▶ **Input for this task**:

lemma eigenvalue_in_Gershgorin_disc:
  fixes A :: "'a::real_normed_field mat"
  assumes A: "A \<in> carrier_mat n n" and ev: "eigenvalue A k"
  shows "\<exists>i<n. norm (k - A $$ (i,i)) \<le> (\<Sum>j\<in>{0..<n} - {i}. norm (A $$ (i,j)))"
proof -
  obtain v where v: "v \<in> carrier_vec n" "v \<noteq> 0\<^sub>v n" "A *\<^sub>v v = k \<cdot>\<^sub>v v"
    using ev A unfolding eigenvalue_def eigenvector_def by auto
  have "n \<noteq> 0"
    using v(1,2) by auto
  define m where "m = Max ((\<lambda>j. norm (v $ j)) ` {0..<n})"
  have "m \<in> (\<lambda>j. norm (v $ j)) ` {0..<n}"
    unfolding m_def using \<open>n \<noteq> 0\<close> by (intro Max_in) auto
  then obtain i where i: "i < n" and "norm (v $ i) = m"
    by auto
  then have max: "norm (v $ j) \<le> norm (v $ i)" if "j < n" for j
    using that unfolding m_def by simp
  obtain j where "j < n" "v $ j \<noteq> 0"
    using v(1,2) by (auto simp: vec_eq_iff)
  then have "norm (v $ i) > 0"
    using max by (meson less_le_trans zero_less_norm_iff)
  have "(k - A $$ (i,i)) * v $ i = (\<Sum>j\<in>{0..<n} - {i}. A $$ (i,j) * v $ j)"
  proof -
    have "k * v $ i = (\<Sum>j\<in>{0..<n}. A $$ (i,j) * v $ j)"
      using arg_cong[OF v(3), of "\<lambda>w. w $ i"] A v(1) i by (simp add: scalar_prod_def)
    also have "\<dots> = A $$ (i,i) * v $ i + (\<Sum>j\<in>{0..<n} - {i}. A $$ (i,j) * v $ j)"
      using i by (simp add: sum.remove)
    finally show ?thesis by (simp add: algebra_simps)
  qed
  then have "norm (k - A $$ (i,i)) * norm (v $ i) = norm (\<Sum>j\<in>{0..<n} - {i}. A $$ (i,j) * v $ j)"
    by (simp flip: norm_mult)
  also have "\<dots> \<le> (\<Sum>j\<in>{0..<n} - {i}. norm (A $$ (i,j)) * norm (v $ i))"
    using max by (intro order.trans[OF norm_sum] sum_mono) (auto simp: norm_mult intro: mult_left_mono)
  finally show ?thesis
    using i \<open>norm (v $ i) > 0\<close> by (auto simp flip: sum_distrib_right)
qed

lemma pos_def_eigenvalue_pos:
  fixes M :: "real mat"
  assumes M: "M \<in> carrier_mat n n"
    and pd: "\<forall>v \<in> carrier_vec n. v \<noteq> 0\<^sub>v n \<longrightarrow> v \<bullet> (M *\<^sub>v v) > 0"
    and ev: "eigenvalue M x"
  shows "0 < x"
proof -
  obtain v where v: "v \<in> carrier_vec n" "v \<noteq> 0\<^sub>v n" "M *\<^sub>v v = x \<cdot>\<^sub>v v"
    using ev M unfolding eigenvalue_def eigenvector_def by auto
  have "0 < v \<bullet> (M *\<^sub>v v)"
    using pd v by blast
  also have "\<dots> = x * (v \<bullet> v)"
    using v by simp
  finally show ?thesis
    using conjugate_square_greater_0_vec[OF v(1)] v(2) by (simp add: zero_less_mult_iff)
qed

lemma symmetric_pos_def_square_pos_def:
  fixes M :: "real mat"
  assumes M: "M \<in> carrier_mat n n" and sym_M: "M\<^sup>T = M"
    and pd: "\<forall>v \<in> carrier_vec n. v \<noteq> 0\<^sub>v n \<longrightarrow> v \<bullet> (M *\<^sub>v v) > 0"
  shows "\<forall>v \<in> carrier_vec n. v \<noteq> 0\<^sub>v n \<longrightarrow> v \<bullet> ((M * M) *\<^sub>v v) > 0"
proof (intro ballI impI)
  fix v :: "real vec"
  assume v: "v \<in> carrier_vec n" "v \<noteq> 0\<^sub>v n"
  have Mv: "M *\<^sub>v v \<in> carrier_vec n" "M *\<^sub>v v \<noteq> 0\<^sub>v n"
    using M v pd by auto
  have "v \<bullet> ((M * M) *\<^sub>v v) = (M\<^sup>T *\<^sub>v v) \<bullet> (M *\<^sub>v v)"
    using M v by (simp add: transpose_vec_mult_scalar)
  also have "\<dots> > 0"
    using conjugate_square_greater_0_vec[OF Mv(1)] Mv(2) by (simp add: sym_M)
  finally show "v \<bullet> ((M * M) *\<^sub>v v) > 0" .
qed

lemma pos_def_eigenvalue_ratio_le_cond_num:
  fixes M :: "real mat"
  assumes M: "M \<in> carrier_mat n n" and sym_M: "M\<^sup>T = M"
    and pd: "\<forall>v \<in> carrier_vec n. v \<noteq> 0\<^sub>v n \<longrightarrow> v \<bullet> (M *\<^sub>v v) > 0"
    and x: "eigenvalue M x" and y: "eigenvalue M y"
  shows "y / x \<le> cond_num M"
proof -
  define S where "S = singular_values M"
  have S: "S = sqrt ` {\<mu>. eigenvalue (M * M) \<mu>}"
    unfolding S_def singular_values_def sym_M ..
  have fin: "finite S"
    using card_finite_spectrum(1)[of "M * M" n] M unfolding S spectrum_def by simp
  have pos: "s > 0" if "s \<in> S" for s
    using that pos_def_eigenvalue_pos[OF _ symmetric_pos_def_square_pos_def[OF M sym_M pd]] M
    unfolding S by auto
  have mem: "z \<in> S" if "eigenvalue M z" for z
  proof -
    have "z > 0"
      using pos_def_eigenvalue_pos[OF M pd that] .
    then show ?thesis
      using eigenvalue_square[OF M that] unfolding S by (auto intro!: image_eqI[of _ _ "z\<^sup>2"])
  qed
  have "S \<noteq> {}"
    using mem[OF x] by blast
  then have "0 < Min S" "Min S \<le> x" "y \<le> Max S"
    using fin mem[OF x] mem[OF y] pos[OF Min_in[OF fin]] by auto
  then have "y / x \<le> Max S / Min S"
    using pos_def_eigenvalue_pos[OF M pd x] pos_def_eigenvalue_pos[OF M pd y] by (intro frac_le) auto
  then show ?thesis
    unfolding cond_num_def S_def .
qed

lemma pos_def_ex_eigenvalue_ge_diag:
  fixes M :: "real mat"
  assumes M: "M \<in> carrier_mat n n" and sym_M: "M\<^sup>T = M"
    and pd: "\<forall>v \<in> carrier_vec n. v \<noteq> 0\<^sub>v n \<longrightarrow> v \<bullet> (M *\<^sub>v v) > 0"
    and i: "i < n"
  shows "\<exists>x. eigenvalue M x \<and> M $$ (i,i) \<le> x"
proof -
  obtain k where k: "eigenvalue (map_mat complex_of_real M) k"
    "spectral_radius (map_mat complex_of_real M) = cmod k"
    using spectral_radius_attained[of "map_mat complex_of_real M" n] M i by auto
  obtain x where x: "eigenvalue M x" and kx: "k = complex_of_real x"
    using symmetric_complexified_eigenvalue_mem[OF M sym_M _ k(1), of "Collect (eigenvalue M)"] by auto
  have "M $$ (i,i) \<le> spectral_radius (map_mat complex_of_real M)"
    using symmetric_abs_diag_le_spectral_radius[OF M sym_M i] by linarith
  also have "\<dots> = x"
    using k(2) kx pos_def_eigenvalue_pos[OF M pd x] by simp
  finally show ?thesis
    using x by blast
qed

lemma Max_diag_mat:
  fixes A :: "'a::linorder mat"
  assumes "n > 0"
  shows "\<forall>i<n. A $$ (i,i) \<le> Max {A $$ (i,i) | i. i < n}"
    and "\<exists>i<n. A $$ (i,i) = Max {A $$ (i,i) | i. i < n}"
proof -
  have eq: "{A $$ (i,i) | i. i < n} = (\<lambda>i. A $$ (i,i)) ` {..<n}"
    by auto
  show "\<forall>i<n. A $$ (i,i) \<le> Max {A $$ (i,i) | i. i < n}"
    unfolding eq by simp
  show "\<exists>i<n. A $$ (i,i) = Max {A $$ (i,i) | i. i < n}"
  proof -
    have "Max ((\<lambda>i. A $$ (i,i)) ` {..<n}) \<in> (\<lambda>i. A $$ (i,i)) ` {..<n}"
      using assms by (intro Max_in) auto
    then show ?thesis
      unfolding eq by force
  qed
qed

lemma SDDM_diag_pos:
  assumes "SDDM n M" and "i < n"
  shows "0 < M $$ (i,i)"
  using assms sum_nonneg[of "{0..<n} - {i}" "\<lambda>j. \<bar>M $$ (i,j)\<bar>"]
  unfolding SDDM_def by fastforce

lemma SDDM_eigenvalue_less_twice_diag:
  assumes S: "SDDM n M" and ev: "eigenvalue M x"
  shows "\<exists>i<n. x < 2 * M $$ (i,i)"
proof -
  have M: "M \<in> carrier_mat n n"
    using S unfolding SDDM_def by blast
  obtain i where i: "i < n" and "\<bar>x - M $$ (i,i)\<bar> \<le> (\<Sum>j\<in>{0..<n} - {i}. \<bar>M $$ (i,j)\<bar>)"
    using eigenvalue_in_Gershgorin_disc[OF M ev] by auto
  moreover have "(\<Sum>j\<in>{0..<n} - {i}. \<bar>M $$ (i,j)\<bar>) < M $$ (i,i)"
    using S i unfolding SDDM_def by blast
  ultimately show ?thesis
    using i by auto
qed

lemma SDDM_smult_eigenvalue_bounds:
  assumes n: "n > 0" and S: "SDDM n M" and \<kappa>: "2 \<le> \<kappa>" "cond_num M \<le> \<kappa>"
    and c: "c = (1 - 1 / \<kappa>) / Max {M $$ (i,i) | i. i < n}"
    and ev: "eigenvalue (c \<cdot>\<^sub>m M) \<mu>"
  shows "\<mu> \<in> {1 / (2 * \<kappa>) .. 2 - 1 / (2 * \<kappa>)}"
proof -
  define d where "d = Max {M $$ (i,i) | i. i < n}"
  have M: "M \<in> carrier_mat n n" and sym_M: "M\<^sup>T = M"
    and pd: "\<forall>v \<in> carrier_vec n. v \<noteq> 0\<^sub>v n \<longrightarrow> v \<bullet> (M *\<^sub>v v) > 0"
    using S unfolding SDDM_def by auto
  obtain i0 where i0: "i0 < n" "M $$ (i0,i0) = d"
    using Max_diag_mat(2)[OF n, of M] unfolding d_def by blast
  have d: "0 < d"
    using SDDM_diag_pos[OF S i0(1)] i0(2) by simp
  have c_pos: "0 < c"
    unfolding c d_def[symmetric] using d \<kappa>(1) by simp
  define x where "x = \<mu> / c"
  have \<mu>: "\<mu> = c * x"
    unfolding x_def using c_pos by simp
  have ev_x: "eigenvalue M x"
    using ev eigenvalue_smult_mat_iff[OF M] c_pos unfolding x_def by simp
  have x: "0 < x"
    using pos_def_eigenvalue_pos[OF M pd ev_x] .
  obtain y where y: "eigenvalue M y" "d \<le> y"
    using pos_def_ex_eigenvalue_ge_diag[OF M sym_M pd i0(1)] i0(2) by auto
  have "d / x \<le> y / x"
    using y(2) x by (simp add: divide_right_mono)
  also have "\<dots> \<le> \<kappa>"
    using pos_def_eigenvalue_ratio_le_cond_num[OF M sym_M pd ev_x y(1)] \<kappa>(2) by linarith
  finally have "d \<le> \<kappa> * x"
    using x by (simp add: divide_le_eq)
  also have "\<dots> \<le> 2 * (\<kappa> - 1) * x"
    using \<kappa>(1) x by (intro mult_right_mono) auto
  finally have lower: "d \<le> 2 * (\<kappa> - 1) * x" .
  obtain i where "i < n" "x < 2 * M $$ (i,i)"
    using SDDM_eigenvalue_less_twice_diag[OF S ev_x] by blast
  then have upper: "x < 2 * d"
    using Max_diag_mat(1)[OF n, of M] unfolding d_def by fastforce
  have cx: "c * x = (\<kappa> - 1) * x / (\<kappa> * d)"
    unfolding c d_def[symmetric] using \<kappa>(1) by (simp add: field_simps)
  have "1 / (2 * \<kappa>) \<le> c * x"
    unfolding cx using lower d \<kappa>(1) by (simp add: field_simps)
  moreover have "c * x \<le> c * (2 * d)"
    using upper c_pos by simp
  moreover have "c * (2 * d) = 2 - 2 / \<kappa>"
    unfolding c d_def[symmetric] using d by (simp add: field_simps)
  moreover have "2 - 2 / \<kappa> \<le> 2 - 1 / (2 * \<kappa>)"
    using \<kappa>(1) by (simp add: field_simps)
  ultimately show ?thesis
    unfolding \<mu> by simp
qed

lemma SDDM_one_minus_smult_nonneg:
  assumes n: "n > 0" and S: "SDDM n M" and c: "0 \<le> c" "c * Max {M $$ (i,i) | i. i < n} \<le> 1"
    and ij: "i < n" "j < n"
  shows "0 \<le> (1\<^sub>m n - c \<cdot>\<^sub>m M) $$ (i,j)"
proof (cases "i = j")
  case True
  have "c * M $$ (i,i) \<le> c * Max {M $$ (i,i) | i. i < n}"
    using Max_diag_mat(1)[OF n, of M] ij c(1) by (simp add: mult_left_mono)
  then show ?thesis
    using True S ij c(2) unfolding SDDM_def by auto
next
  case False
  then show ?thesis
    using S ij c(1) unfolding SDDM_def by (auto simp: mult_nonneg_nonpos)
qed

▶ **Prompt**: Repeat verbatim the opening run of entries, ending with the line that contains "(i,j)) * norm".

▶ **Task solution**:
lemma eigenvalue_in_Gershgorin_disc:
  fixes A :: "'a::real_normed_field mat"
  assumes A: "A \<in> carrier_mat n n" and ev: "eigenvalue A k"
  shows "\<exists>i<n. norm (k - A $$ (i,i)) \<le> (\<Sum>j\<in>{0..<n} - {i}. norm (A $$ (i,j)))"
proof -
  obtain v where v: "v \<in> carrier_vec n" "v \<noteq> 0\<^sub>v n" "A *\<^sub>v v = k \<cdot>\<^sub>v v"
    using ev A unfolding eigenvalue_def eigenvector_def by auto
  have "n \<noteq> 0"
    using v(1,2) by auto
  define m where "m = Max ((\<lambda>j. norm (v $ j)) ` {0..<n})"
  have "m \<in> (\<lambda>j. norm (v $ j)) ` {0..<n}"
    unfolding m_def using \<open>n \<noteq> 0\<close> by (intro Max_in) auto
  then obtain i where i: "i < n" and "norm (v $ i) = m"
    by auto
  then have max: "norm (v $ j) \<le> norm (v $ i)" if "j < n" for j
    using that unfolding m_def by simp
  obtain j where "j < n" "v $ j \<noteq> 0"
    using v(1,2) by (auto simp: vec_eq_iff)
  then have "norm (v $ i) > 0"
    using max by (meson less_le_trans zero_less_norm_iff)
  have "(k - A $$ (i,i)) * v $ i = (\<Sum>j\<in>{0..<n} - {i}. A $$ (i,j) * v $ j)"
  proof -
    have "k * v $ i = (\<Sum>j\<in>{0..<n}. A $$ (i,j) * v $ j)"
      using arg_cong[OF v(3), of "\<lambda>w. w $ i"] A v(1) i by (simp add: scalar_prod_def)
    also have "\<dots> = A $$ (i,i) * v $ i + (\<Sum>j\<in>{0..<n} - {i}. A $$ (i,j) * v $ j)"
      using i by (simp add: sum.remove)
    finally show ?thesis by (simp add: algebra_simps)
  qed
  then have "norm (k - A $$ (i,i)) * norm (v $ i) = norm (\<Sum>j\<in>{0..<n} - {i}. A $$ (i,j) * v $ j)"
    by (simp flip: norm_mult)
  also have "\<dots> \<le> (\<Sum>j\<in>{0..<n} - {i}. norm (A $$ (i,j)) * norm (v $ i))"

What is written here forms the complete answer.